Central Florida's Independent Jewish Voice

Underdogma

I know a thing or two about underdogs, having lived for some time in an underdog town in an underdog country. The town: Kiryat Shmona. The country: Israel. To the north and to the west, beyond a ridge of high hills, lay Lebanon. To the east, beyond majestic Mount Hermon, stretched Syria. I was hired for the crew of an American television broadcasting and news gathering operation headquartered in Marjayoun, southern Lebanon. This was a good three decades ago, and in those days, the south of Lebanon amounted to Israel’s “security belt.” The Lebanese in the region called it “Christian Free Lebanon.” That’s because the whole country was embroiled in civil war, coinciding with Israel’s invasion of the country (under Menachem Begin), aimed at putting an end to the regular rain of Katyusha rockets that for many years had plagued Kiryat Shmona and other northern Israeli communities. What Begin’s government called “Operation Peace for Galilee” turned into a quagmire, but in the midst of the carnage, the Lebanese Christians were able to carve out their own autonomous region, having suffered murderous attacks at the hands of Shiite and other radical Muslim militias, intent on turning what had been the “jewel” of the Mediterranean into an Islamic republic.

Among my jobs (being the only member of the crew who spoke Hebrew) was to procure from the Israel Defense Force permits to pass from northern Galilee into Lebanon. Every day I drove to work wearing a flak jacket, and after my late shift, I drove back to the border of Israel, my heart pounding for fear that I might be assaulted from out of the shadows in the dead of night. During the course of my employment, I witnessed things I never imagined. A Lebanese teenage girl drove a pickup full of high explosives into a convoy of Israeli troops, blowing herself to smithereens and taking 13 young IDF soldiers with her. I was tasked with videotaping the gruesome aftermath of the attack, as Israeli choppers landed in the broad valley and soldiers with large plastic bags fanned out to collect body parts. Then there was one of my good buddies, Bill, who helped out at the TV facility, and who had brought his whole family to live, not in Galilee, but in Lebanon, for the purpose of taking in a number of Lebanese children, orphaned during the bloodshed, and creating what amounted to a makeshift orphanage. Bill, being a Christian, also understood what it’s like to be an underdog in the Middle East.
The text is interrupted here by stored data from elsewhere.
(* Let $M,K\in\mathbb{R}^{m\times m}$ be symmetric positive semidefinite matrices with at least one of them positive definite, and let $\nu,\omega,\theta,H_1,H_2,R,P_\alpha$ be as defined in the context. Then $\rho(P_\alpha)<1$ for every $\alpha>0$, i.e. the MBAS iteration converges unconditionally.
   Context: $\nu>0$, $\omega>0$, $\theta=1+\nu\omega^2$, $I$ is the $m\times m$ identity, $H_1=\begin{pmatrix} M&0\\0&M\end{pmatrix}$, $H_2=\begin{pmatrix} K&0\\0&K\end{pmatrix}$, $R=\frac{1}{\sqrt{\nu\theta}}\begin{pmatrix} -i\omega\nu I & \sqrt{\nu} I\\ -\sqrt{\nu} I & i\omega\nu I\end{pmatrix}$, and for $\alpha>0$, $P_\alpha=(\alpha I_{2m}+\sqrt{\nu\theta}H_2)^{-1}(\alpha I_{2m}+\theta RH_1)(\alpha I_{2m}+\theta H_1)^{-1}(\alpha I_{2m}-\sqrt{\nu\theta}RH_2)$. $\rho(\cdot)$ denotes spectral radius. *)

theory Defs
  imports "Jordan_Normal_Form.Spectral_Radius" "Jordan_Normal_Form.Gauss_Jordan_Elimination"
begin

definition sym_psd_mat :: "nat \<Rightarrow> real mat \<Rightarrow> bool" where
  "sym_psd_mat m A \<longleftrightarrow> A \<in> carrier_mat m m \<and> transpose_mat A = A \<and>
     (\<forall>x \<in> carrier_vec m. 0 \<le> x \<bullet> (A *\<^sub>v x))"

definition sym_pd_mat :: "nat \<Rightarrow> real mat \<Rightarrow> bool" where
  "sym_pd_mat m A \<longleftrightarrow> A \<in> carrier_mat m m \<and> transpose_mat A = A \<and>
     (\<forall>x \<in> carrier_vec m. x \<noteq> 0\<^sub>v m \<longrightarrow> 0 < x \<bullet> (A *\<^sub>v x))"

text \<open>Matrix inverse (meaningful for invertible square matrices).\<close>
definition minv :: "complex mat \<Rightarrow> complex mat" where
  "minv A = the (mat_inverse A)"

definition theta :: "real \<Rightarrow> real \<Rightarrow> real" where
  "theta \<nu> \<omega> = 1 + \<nu> * \<omega>^2"

definition blkdiag :: "nat \<Rightarrow> real mat \<Rightarrow> complex mat" where
  "blkdiag m A = four_block_mat (map_mat complex_of_real A) (0\<^sub>m m m) (0\<^sub>m m m) (map_mat complex_of_real A)"

definition Rmat :: "nat \<Rightarrow> real \<Rightarrow> real \<Rightarrow> complex mat" where
  "Rmat m \<nu> \<omega> = complex_of_real (1 / sqrt (\<nu> * theta \<nu> \<omega>)) \<cdot>\<^sub>m
     four_block_mat ((- \<i> * complex_of_real (\<omega> * \<nu>)) \<cdot>\<^sub>m 1\<^sub>m m) (complex_of_real (sqrt \<nu>) \<cdot>\<^sub>m 1\<^sub>m m)
                    ((- complex_of_real (sqrt \<nu>)) \<cdot>\<^sub>m 1\<^sub>m m) ((\<i> * complex_of_real (\<omega> * \<nu>)) \<cdot>\<^sub>m 1\<^sub>m m)"

definition Palpha :: "nat \<Rightarrow> real \<Rightarrow> real \<Rightarrow> real mat \<Rightarrow> real mat \<Rightarrow> real \<Rightarrow> complex mat" where
  "Palpha m \<nu> \<omega> M K \<alpha> =
     (let \<theta> = theta \<nu> \<omega>; a = complex_of_real \<alpha>; I2 = 1\<^sub>m (2*m);
          H1 = blkdiag m M; H2 = blkdiag m K; R = Rmat m \<nu> \<omega>;
          s = complex_of_real (sqrt (\<nu> * \<theta>)); t = complex_of_real \<theta> in
      minv (a \<cdot>\<^sub>m I2 + s \<cdot>\<^sub>m H2) * (a \<cdot>\<^sub>m I2 + t \<cdot>\<^sub>m (R * H1)) *
      minv (a \<cdot>\<^sub>m I2 + t \<cdot>\<^sub>m H1) * (a \<cdot>\<^sub>m I2 - s \<cdot>\<^sub>m (R * H2)))"

end

(*
  Write A = \<alpha> I + s H2, B = \<alpha> I + t H1, X = \<alpha> I + t R H1 and Y = \<alpha> I - s R H2 with
  s = sqrt (\<nu> \<theta>) and t = \<theta>, so that P = A^-1 X B^-1 Y.  Since R is skew-Hermitian with R^2 = -I
  and commutes with the Hermitian H1, H2, the cross terms in |X w|^2 and |Y v|^2 vanish, whereas
  |B w|^2 and |A v|^2 carry the extra terms 2 \<alpha> t Re <H1 w, w> and 2 \<alpha> s Re <H2 v, v>.
  For an eigenpair P v = \<lambda> v put w = B^-1 Y v; then X w = \<lambda> A v and B w = Y v, and comparing
  the four norms gives
    |\<lambda>|^2 |A v|^2 = |A v|^2 - 2 \<alpha> s Re <H2 v, v> - 2 \<alpha> t Re <H1 w, w>.
  Both subtracted terms are nonnegative, and one of them is positive because H1 or H2 is
  positive definite (w \<noteq> 0 since |Y v| \<ge> \<alpha> |v|); hence |\<lambda>| < 1.
*)

theory Submission
  imports Defs "Jordan_Normal_Form.Schur_Decomposition"
begin

section \<open>Adjoints and the complex norm\<close>

lemma mat_adjoint_dim [simp]:
  "dim_row (mat_adjoint A) = dim_col A" "dim_col (mat_adjoint A) = dim_row A"
  by (simp_all add: mat_adjoint_def)

lemma mat_adjoint_index [simp]:
  "i < dim_col A \<Longrightarrow> j < dim_row A \<Longrightarrow> mat_adjoint (A :: complex mat) $$ (i, j) = cnj (A $$ (j, i))"
  by (simp add: mat_adjoint_def mat_of_rows_def)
Unfortunately for him, he was associated by the Shiite militias in the region with the Israeli “underdogs” south of the border.

That was a problem, since Israel had long lost its underdog status. In Israel’s case, bullied underdogs are sometimes prone to stand up and fight for themselves. And Jewish Israelis, having been bullied perhaps more than any people on earth, decided that they had had enough. They stood up and fought. But then an odd thing happened. The oppressed were labeled as oppressors, precisely because they stood up. History’s quintessential underdogs now became aggressors in the eyes of the world. A new narrative was born. Call it Underdogma. It’s a kind of mob mentality, with deep roots in Marxism (not to mention the French Revolution), that divides all of humanity into “oppressors” and “oppressed.” Of course, oppressed peoples, worldwide, must throw off the yoke of oppression. How? Unleash the mob, and create social and political revolution. Anything is justified to that end. Historically, those who resisted were sent to the guillotine, or worse. But now, the state of Israel was seen by a new international mob as the new oppressors.

My buddy Bill, whose heart was with the Christian Lebanese and who had barely set foot in Israel, was viewed by the Lebanese Shiite “mob” in the region as an Israeli “agent.” The mob warned him to leave. He turned to me one day and said, “You know, the Good Book says ‘Go ye.’ I don’t recall that it ever said ‘Go back.’” Bill stayed. One evening, as he gathered his family and the orphans for devotions, a Shiite militia mob came to his door. Barging in, they grabbed his wife and the children, tied them up in one of the bedrooms, and dragged Bill into the bathroom. They put a single bullet in his back and another in his neck, leaving him in the bathtub in a pool of blood. The next morning I watched a feed from CNN in horror, as his body was carried out on a stretcher. So much for Bill’s “orphanage.”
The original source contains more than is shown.